No lawsuits have been filed in Maine, and a spokesperson for the alliance would only say that there are no updates to report.
Hickey, meanwhile, has been doing outreach to make sure that independent repair shop owners know their rights – and what to do when those rights have been violated.
But independent repair shops haven’t felt any differences just yet. And they are skeptical about whether they’ll find any benefits in the future.
“I don’t think it’s going to change your life, though it might change some stuff,” said Lund, the Westbrook repair shop manager. “But so far, I haven’t seen or heard of any change.”
Lund believes that change can only come on the federal level.
“I could be wrong, but you can’t tell me that Ford, for example, is going to change all their diagnostic setups and their programming just for the state of Maine,” he said.

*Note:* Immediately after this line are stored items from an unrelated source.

lemma contains_complete_multipartite_pairwise:
  assumes "symp E" "contains_complete_multipartite E k t W"
  obtains S where "\<forall>j<k. S j \<subseteq> W j \<and> card (S j) = t"
    and "\<forall>a<k. \<forall>b<k. a \<noteq> b \<longrightarrow> complete_between E (S a) (S b)"
proof -
  obtain S where S: "\<forall>j<k. S j \<subseteq> W j \<and> card (S j) = t \<and> (\<forall>i<j. complete_between E (S i) (S j))"
    using assms(2) unfolding contains_complete_multipartite_def by blast
  have "complete_between E (S a) (S b)" if "a < k" "b < k" "a \<noteq> b" for a b
  proof (cases "a < b")
    case True
    then show ?thesis
      using S that by blast
  next
    case False
    then have "b < a"
      using \<open>a \<noteq> b\<close> by simp
    then have "complete_between E (S b) (S a)"
      using S \<open>a < k\<close> by blast
    then show ?thesis
      using complete_between_commute[OF \<open>symp E\<close>] by blast
  qed
  moreover have "\<forall>j<k. S j \<subseteq> W j \<and> card (S j) = t"
    using S by blast
  ultimately show ?thesis
    using that by blast
qed

lemma neighbourhood_layers_complete_multipartite:
  assumes B: "balanced_r_partite r n VG EG P" and "i < r" "v \<in> P i"
    and "contains_complete_multipartite EG r t (neighbourhood_layers r EG P i v)"
  obtains S where "\<forall>j<r. finite (S j) \<and> card (S j) = t \<and> S j \<subseteq> VG"
    and "\<forall>a<r. \<forall>b<r. a \<noteq> b \<longrightarrow> complete_between EG (S a) (S b)"
    and "\<forall>j<r. j \<noteq> r - 1 \<longrightarrow> (\<forall>u\<in>S j. EG v u)"
    and "v \<notin> S (r - 1)"
proof -
  obtain S where S: "\<forall>j<r. S j \<subseteq> neighbourhood_layers r EG P i v j \<and> card (S j) = t"
    and "\<forall>a<r. \<forall>b<r. a \<noteq> b \<longrightarrow> complete_between EG (S a) (S b)"
    using contains_complete_multipartite_pairwise[OF
        simple_graph_symp[OF balanced_r_partite_simple_graph[OF B]] assms(4)]
    by blast
  moreover have "\<forall>j<r. finite (S j) \<and> card (S j) = t \<and> S j \<subseteq> VG"
  proof (intro allI impI)
    fix j assume "j < r"
    then have "transpose i (r - 1) j < r"
      using \<open>i < r\<close> by (simp add: transpose_less)
    note P = balanced_r_partite_classD(1,3)[OF B this]
    have "S j \<subseteq> P (transpose i (r - 1) j)"
      using S \<open>j < r\<close> neighbourhood_layers_subset[of r EG P i v j] by blast
    then show "finite (S j) \<and> card (S j) = t \<and> S j \<subseteq> VG"
      using finite_subset[OF _ P(1)] order_trans[OF _ P(2)] S \<open>j < r\<close> by simp
  qed
  moreover have "\<forall>j<r. j \<noteq> r - 1 \<longrightarrow> (\<forall>u\<in>S j. EG v u)"
  proof (intro allI impI)
    fix j assume "j < r" "j \<noteq> r - 1"
    then have "neighbourhood_layers r EG P i v j \<subseteq> {u. EG v u}"
      unfolding neighbourhood_layers_def by auto
    then show "\<forall>u\<in>S j. EG v u"
      using S \<open>j < r\<close> by blast
  qed
  moreover have "v \<notin> S (r - 1)"
  proof -
    have "r - 1 < r"
      using \<open>i < r\<close> by simp
    then have "S (r - 1) \<subseteq> P i - {v}"
      using S[rule_format, of "r - 1"] by (simp add: neighbourhood_layers_def)
    then show ?thesis
      by blast
  qed
  ultimately show ?thesis
    using that by blast
qed

lemma copy_containing_via_neighbourhood_layers:
  assumes B: "balanced_r_partite r n VG EG P" and "i < r" "v \<in> P i"
    and "finite VH" "proper_colouring VH EH r f" "x0 \<in> VH"
    and "contains_complete_multipartite EG r (card VH) (neighbourhood_layers r EG P i v)"
  shows "copy_containing VH EH VG EG v"
proof -
  obtain S where S: "\<forall>j<r. finite (S j) \<and> card (S j) = card VH \<and> S j \<subseteq> VG"
    and S_complete: "\<forall>a<r. \<forall>b<r. a \<noteq> b \<longrightarrow> complete_between EG (S a) (S b)"
    and S_adj: "\<forall>j<r. j \<noteq> r - 1 \<longrightarrow> (\<forall>u\<in>S j. EG v u)" and "v \<notin> S (r - 1)"
    by (rule neighbourhood_layers_complete_multipartite[OF B \<open>i < r\<close> \<open>v \<in> P i\<close> assms(7)])
  define \<tau> where "\<tau> = transpose (f x0) (r - 1)"
  have "f x0 < r"
    using assms(5,6) unfolding proper_colouring_def by blast
  then have \<tau>_less: "\<tau> c < r" if "c < r" for c
    unfolding \<tau>_def using that by (simp add: transpose_less)
  show ?thesis
  proof (rule copy_containing_from_complete_multipartite[OF balanced_r_partite_simple_graph[OF B]
        \<open>finite VH\<close> assms(5,6), where X = "S \<circ> \<tau>"])
    show "v \<in> VG"
      using balanced_r_partite_classD(3)[OF B \<open>i < r\<close>] \<open>v \<in> P i\<close> by blast
    show "\<forall>c<r. finite ((S \<circ> \<tau>) c) \<and> card VH \<le> card ((S \<circ> \<tau>) c) \<and> (S \<circ> \<tau>) c \<subseteq> VG"
      using S \<tau>_less by simp
    show "\<forall>a<r. \<forall>b<r. a \<noteq> b \<longrightarrow> complete_between EG ((S \<circ> \<tau>) a) ((S \<circ> \<tau>) b)"
    proof (intro allI impI)
      fix a b assume "a < r" "b < r" "a \<noteq> b"
      then have "\<tau> a \<noteq> \<tau> b"
        unfolding \<tau>_def using transpose_eq_imp_eq[of "f x0" "r - 1" a b] by auto
      then show "complete_between EG ((S \<circ> \<tau>) a) ((S \<circ> \<tau>) b)"
        using S_complete \<tau>_less[OF \<open>a < r\<close>] \<tau>_less[OF \<open>b < r\<close>] by simp
    qed
    show "\<forall>c<r. c \<noteq> f x0 \<longrightarrow> (\<forall>u\<in>(S \<circ> \<tau>) c. EG v u)"
    proof (intro allI impI)
      fix c assume "c < r" "c \<noteq> f x0"
      then have "\<tau> c \<noteq> r - 1"
        unfolding \<tau>_def by (auto simp: transpose_eq_iff)
      then show "\<forall>u\<in>(S \<circ> \<tau>) c. EG v u"
        using S_adj \<tau>_less[OF \<open>c < r\<close>] by simp
    qed
    show "v \<notin> (S \<circ> \<tau>) (f x0)"
      using \<open>v \<notin> S (r - 1)\<close> unfolding \<tau>_def by simp
  qed
qed

lemma copy_containing_at_every_vertex:
  assumes "finite VH" "proper_colouring VH EH r f" "x0 \<in> VH" "2 \<le> r" "\<alpha> > 0"
  shows "\<exists>n0. \<forall>n\<ge>n0. \<forall>(VG :: 'b set) EG P.
           balanced_r_partite r n VG EG P \<and>
           real (delta_star r EG P) \<ge> (real r - 2) / (real r - 1) * real n + \<alpha> * real n
           \<longrightarrow> (\<forall>v\<in>VG. copy_containing VH EH VG EG v)"
proof -
  obtain N where N: "\<forall>n\<ge>N. \<forall>(E :: 'b \<Rightarrow> 'b \<Rightarrow> bool) W m. symp E \<and> dense_layers E r m (\<alpha> / 2) n W
      \<longrightarrow> contains_complete_multipartite E r (card VH) W"
    using dense_layers_contain_complete_multipartite[where \<epsilon> = "\<alpha> / 2" and k = r and t = "card VH"]
      \<open>\<alpha> > 0\<close> by auto
  show ?thesis
  proof (intro exI[of _ "max N (nat \<lceil>2 / \<alpha>\<rceil>)"] allI impI ballI, elim conjE)
    fix n and VG :: "'b set" and EG P v
    assume n: "max N (nat \<lceil>2 / \<alpha>\<rceil>) \<le> n" and B: "balanced_r_partite r n VG EG P" and "v \<in> VG"
      and min_deg: "(real r - 2) / (real r - 1) * real n + \<alpha> * real n \<le> real (delta_star r EG P)"
    obtain i where "i < r" "v \<in> P i"
      using B \<open>v \<in> VG\<close> unfolding balanced_r_partite_def by blast
    have "2 / \<alpha> \<le> real n"
      using n by linarith
    then have "2 \<le> \<alpha> * real n"
      using \<open>\<alpha> > 0\<close> by (simp add: divide_le_eq mult.commute)
    then have "dense_layers EG r (n - delta_star r EG P) (\<alpha> / 2) n (neighbourhood_layers r EG P i v)"
      by (rule neighbourhood_layers_dense[OF B \<open>2 \<le> r\<close> \<open>i < r\<close> \<open>v \<in> P i\<close> \<open>\<alpha> > 0\<close> _ min_deg])
    moreover have "symp EG"
      by (rule simple_graph_symp[OF balanced_r_partite_simple_graph[OF B]])
    ultimately have "contains_complete_multipartite EG r (card VH) (neighbourhood_layers r EG P i v)"
      using N[rule_format, of n EG] n by simp
    then show "copy_containing VH EH VG EG v"
      by (rule copy_containing_via_neighbourhood_layers[OF B \<open>i < r\<close> \<open>v \<in> P i\<close> assms(1-3)])
  qed
qed

theorem proposition2p6:
  fixes VH :: "'a set" and EH :: "'a \<Rightarrow> 'a \<Rightarrow> bool" and r :: nat
  assumes "simple_graph VH EH"
    and "chromatic_number VH EH = r" and "r \<ge> 3"
    and "graph_gcd VH EH = 1"
  shows "\<forall>\<alpha>::real. \<alpha> > 0 \<longrightarrow> (\<exists>n0::nat. \<forall>n \<ge> n0. \<forall>(VG::nat set) EG P.
           balanced_r_partite r n VG EG P \<and>
           real (delta_star r EG P) \<ge> (real r - 2) / (real r - 1) * real n + \<alpha> * real n
           \<longrightarrow> (\<forall>v\<in>VG. copy_containing VH EH VG EG v))"
proof -
  have "finite VH"
    using assms(1) unfolding simple_graph_def by blast
  obtain f where f: "proper_colouring VH EH r f"
    using proper_colouring_chromatic_number[OF assms(1)] assms(2) by blast
  obtain x0 where "x0 \<in> VH"
    using chromatic_number_pos_imp_nonempty[of VH EH] assms(2,3) by fastforce
  have "2 \<le> r"
    using assms(3) by simp
  show ?thesis
    by (intro allI impI) (rule copy_containing_at_every_vertex[OF \<open>finite VH\<close> f \<open>x0 \<in> VH\<close> \<open>2 \<le> r\<close>])
qed

end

Even so, Lund supported the referendum and encouraged his customers to vote for it. He has seen the impacts that restricting access to repair data has had on Bernie’s Auto Repair and other businesses in the independent sector of the industry.
Josh Coron, co-owner of Adventure Autoworks in Turner, also supported the referendum campaign. He said the current system is untenable for most small independent repair shops, although his shop is hanging on.
But Coron, too, has reservations about whether this law can truly save Maine’s many small repair businesses.
“If they actually do come up with a database that allows me to have all the information that the dealer has, that’s fantastic. It hasn’t been that way in a long time,” he said. “I just don’t see that happening.”
With their rights expanding in the last two weeks, Coron and Lund haven’t yet needed to request manufacturer data. Lund said he might try soon, though.
“I doubt I’d be successful, but I’ll give it a shot,” he said.